How to Improve Grip Strength + Exercises

By Emily Aldridge | 2021 Update


People tend to forget that having a strong grip may be important when it comes to sports. When exercising, exercises that can improve grip strength tend to be forgotten. On the other hand, it is actually important to improve your grip strength as it’s not something you should forget, especially in sports. There are some things you can do to improve your grip strength and here are some of them:

  • Train Your Grip Often

By training your grip, you will cause an increase in grip strength, especially if you do grip exercises often. This is because your grip is something that can and should be trained every day. Whenever you are in a gym, or whenever you are having a sports day, you can always train your grip so that you will have an improved grip strength.

  • Squeeze the Bar

One of the most powerful tools you can use to improve your grip strength is a bar. You can gain a lot of improvements in grip strength if you squeeze the bar with your hands during a set. However, it is advised to avoid letting the bar slide towards your fingers. You should keep it locked in the palm of your hand by wrapping your thumb around the bar to hold it there and squeeze it as hard as possible.

  • Lift Heavy Things

You need to train your grip at the same time as the rest of your body. By incorporating pull-ups, bodyweight rows and heavy deadlifts, you can improve your entire arm instead of your grip only. You can keep adding weight to the rack deadlifts so that you will have a better grip challenge. For bodyweight rows and pull-ups, it is advised to switch grips every few reps. By doing this, you will train your forearms to adapt to various positions.

  • Grip Builders

Another thing you can do is to use grip builders. There are various tools like fat gripz and towels that can be added to your workout to train your wrist. Even though adding weight to the bar would help you to improve, by using these tools, you can improve even more. For example, you can wrap a towel around the bar or handle of any tool to increase the thickness of the handhold.
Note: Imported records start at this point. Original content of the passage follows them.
(* Let $p$ be a complex polynomial with exactly two distinct roots, and let $h\in\mathbb{C}$ satisfy $|h-\mu|<\mu$, where $\mu$ is the smaller of the two root multiplicities. Then the Julia set of the relaxed Newton map $N_{h,p}(z)=z-h\,p(z)/p'(z)$ is a (straight) line (together with $\infty$) if and only if the two roots of $p$ have equal multiplicity and $h$ is real.
   Context: $N_{h,p}$ is regarded as a rational map of the Riemann sphere; its Julia set is the complement of the set of points where the iterates form a normal family. The condition $|h-\mu|<\mu$ ensures both roots are attracting fixed points of $N_{h,p}$ (a root of multiplicity $\mu_0$ has multiplier $1-h/\mu_0$). *)

theory Defs
  imports "HOL-Analysis.Analysis" "HOL-Computational_Algebra.Polynomial_Factorial" "HOL-Computational_Algebra.Field_as_Ring"
begin

text \<open>The Riemann sphere is modelled as \<open>complex option\<close>: \<open>Some z\<close> is the
finite point z and \<open>None\<close> is the point at infinity.\<close>

type_synonym rsphere = "complex option"

definition stereo :: "rsphere \<Rightarrow> complex \<times> real" where
  "stereo w = (case w of
      None \<Rightarrow> (0, 1)
    | Some z \<Rightarrow> ((2 * z) / complex_of_real (1 + (cmod z)\<^sup>2),
                 ((cmod z)\<^sup>2 - 1) / ((cmod z)\<^sup>2 + 1)))"

definition cdist :: "rsphere \<Rightarrow> rsphere \<Rightarrow> real" where
  "cdist v w = dist (stereo v) (stereo w)"

definition sphere_open :: "rsphere set \<Rightarrow> bool" where
  "sphere_open U \<longleftrightarrow> (\<forall>z\<in>U. \<exists>e>0. \<forall>w. cdist z w < e \<longrightarrow> w \<in> U)"

definition loc_unif_conv ::
    "rsphere set \<Rightarrow> (nat \<Rightarrow> rsphere \<Rightarrow> rsphere) \<Rightarrow> (rsphere \<Rightarrow> rsphere) \<Rightarrow> bool" where
  "loc_unif_conv U F g \<longleftrightarrow>
     (\<forall>w\<in>U. \<exists>d>0. \<forall>e>0. \<exists>N. \<forall>n\<ge>N. \<forall>x\<in>U. cdist w x < d \<longrightarrow> cdist (F n x) (g x) < e)"

definition normal_iterates :: "(rsphere \<Rightarrow> rsphere) \<Rightarrow> rsphere set \<Rightarrow> bool" where
  "normal_iterates f U \<longleftrightarrow>
     (\<forall>k :: nat \<Rightarrow> nat. \<exists>r g. strict_mono r \<and> loc_unif_conv U (\<lambda>n. (f ^^ k (r n))) g)"

definition fatou_set :: "(rsphere \<Rightarrow> rsphere) \<Rightarrow> rsphere set" where
  "fatou_set f = {z. \<exists>U. sphere_open U \<and> z \<in> U \<and> normal_iterates f U}"

definition julia_set :: "(rsphere \<Rightarrow> rsphere) \<Rightarrow> rsphere set" where
  "julia_set f = UNIV - fatou_set f"

text \<open>Extension of the rational function P/Q (P, Q coprime, Q \<noteq> 0) to the sphere.\<close>
definition rat_ext :: "complex poly \<Rightarrow> complex poly \<Rightarrow> rsphere \<Rightarrow> rsphere" where
  "rat_ext P Q w = (case w of
      Some z \<Rightarrow> (if poly Q z = 0 then None else Some (poly P z / poly Q z))
    | None \<Rightarrow> (if degree P > degree Q then None
               else if degree P = degree Q then Some (lead_coeff P / lead_coeff Q)
               else Some 0))"

text \<open>Relaxed Newton map N_{h,p}(z) = z - h p(z)/p'(z) = (z p' - h p)/p', written in
lowest terms and regarded as a map of the Riemann sphere.\<close>
definition relaxed_newton :: "complex \<Rightarrow> complex poly \<Rightarrow> rsphere \<Rightarrow> rsphere" where
  "relaxed_newton h p =
     (let P0 = [:0, 1:] * pderiv p - smult h p;
          Q0 = pderiv p;
          g = gcd P0 Q0
      in rat_ext (P0 div g) (Q0 div g))"

end

theory Submission
  imports Defs "HOL-Computational_Algebra.Fundamental_Theorem_Algebra"
begin

text \<open>Write \<open>p = c (z - a)\<^sup>m (z - b)\<^sup>n\<close>. In lowest terms the relaxed Newton map is
  \<open>N(z) = z - h (z - a) (z - b) / (m (z - b) + n (z - a))\<close>, and
  \<open>N(z) - a = (z - a) A(z) / D(z)\<close>, \<open>N(z) - b = (z - b) B(z) / D(z)\<close> with linear \<open>A\<close>, \<open>B\<close>, \<open>D\<close>.
  If \<open>m = n\<close> and \<open>h = r\<close> is real, then \<open>0 < r < 2 m\<close> and
  \<open>|A|\<^sup>2 - |B|\<^sup>2 = r (2 m - r) (|z - a|\<^sup>2 - |z - b|\<^sup>2)\<close>, so \<open>N\<close> contracts the ratio
  \<open>|z - a| / |z - b|\<close> on every Apollonius disc around \<open>a\<close> inside the half-plane closer to \<open>a\<close>:
  that half-plane lies in the basin of \<open>a\<close>, and symmetrically for \<open>b\<close>. Every point of the
  perpendicular bisector has nearby points attracted to \<open>a\<close> and to \<open>b\<close>, so the bisector is
  the Julia set.

  Conversely, if the Julia set is a line, it misses the attracting root \<open>a\<close> and, the Fatou set
  being backward invariant, is mapped into itself by \<open>N\<close>. In coordinates in which the line is the
  real axis, \<open>N\<close> is then real on the reals; comparing it with its complex conjugate forces the
  roots to be mirror images in the line, \<open>h\<close> to be real and \<open>m = n\<close>.\<close>

section \<open>The chordal metric\<close>

lemma cdist_commute: "cdist v w = cdist w v"
  by (simp add: cdist_def dist_commute)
  • Don’t Encourage Weakness

Did you know that using tools like wrist straps and other things that aid your grip in the gym could make your grip weaker? This is because these tools encourage your body, specifically your wrist, to rely on help. This will make them weaker instead.

  • Grip Exercises

There are a lot of grip exercises you can do to improve your grip as some of them are already mentioned above. However, we are going to discuss some more exercises below:

  • Hex Holds

Hex dumbbell hold is a great way to challenge your open grip. You can purchase this tool to, or maybe just the heads of the hex dumbbells from stores. All you have to do is to hold them for 30 seconds, and a couple of sets would be more than enough.

  • Farmer’s Carries

Farmer’s carries is when you stand up and walk a certain distance for a period of time while holding weights. This is usually done with two kettlebells or dumbbells. This exercise is good because it adds motions to your grip, which means that you will not only improve your grip strength, but also the strength of your hips, shoulders and core muscles.

  • Barbell Holds

Another thing you can do to train your grip is by setting up in a squat rack and set the pins under where you will lock out a deadlift. The goal is to hold the weight, not to lift them up. You can do 3-5 sets to start.

  • Fat Gripz

The next thing is fat gripz. This is one of the best equipment you can use when you want to improve your grip strength. In addition, this tool can be used with any standard dumbbell, pull-up bar or barbell, which can be very convenient. It’s advised to use them periodically, once or twice a month would be enough.

  • Plate Pinches

To exercise your pinch grip, plate pinches is recommended. All you need are two plates. However, you need to make sure that they are flat on one side so that you can pinch them together.

Grip Strength Exercises without Equipment

The exercises mentioned above require equipment or tools, which can be a problem when you do not go to the gym or have them in your house. Fortunately, you can train your grips without using any equipment. For example, you can incorporate some forearm exercises in order to work the whole range of muscles that are connected to your wrist. Exercises like push-ups and chin up are really great with this. You can also lift heavy weights that can be found in your daily life and just hold it while walking, which is similar with farmer’s carries, only without any equipment needed.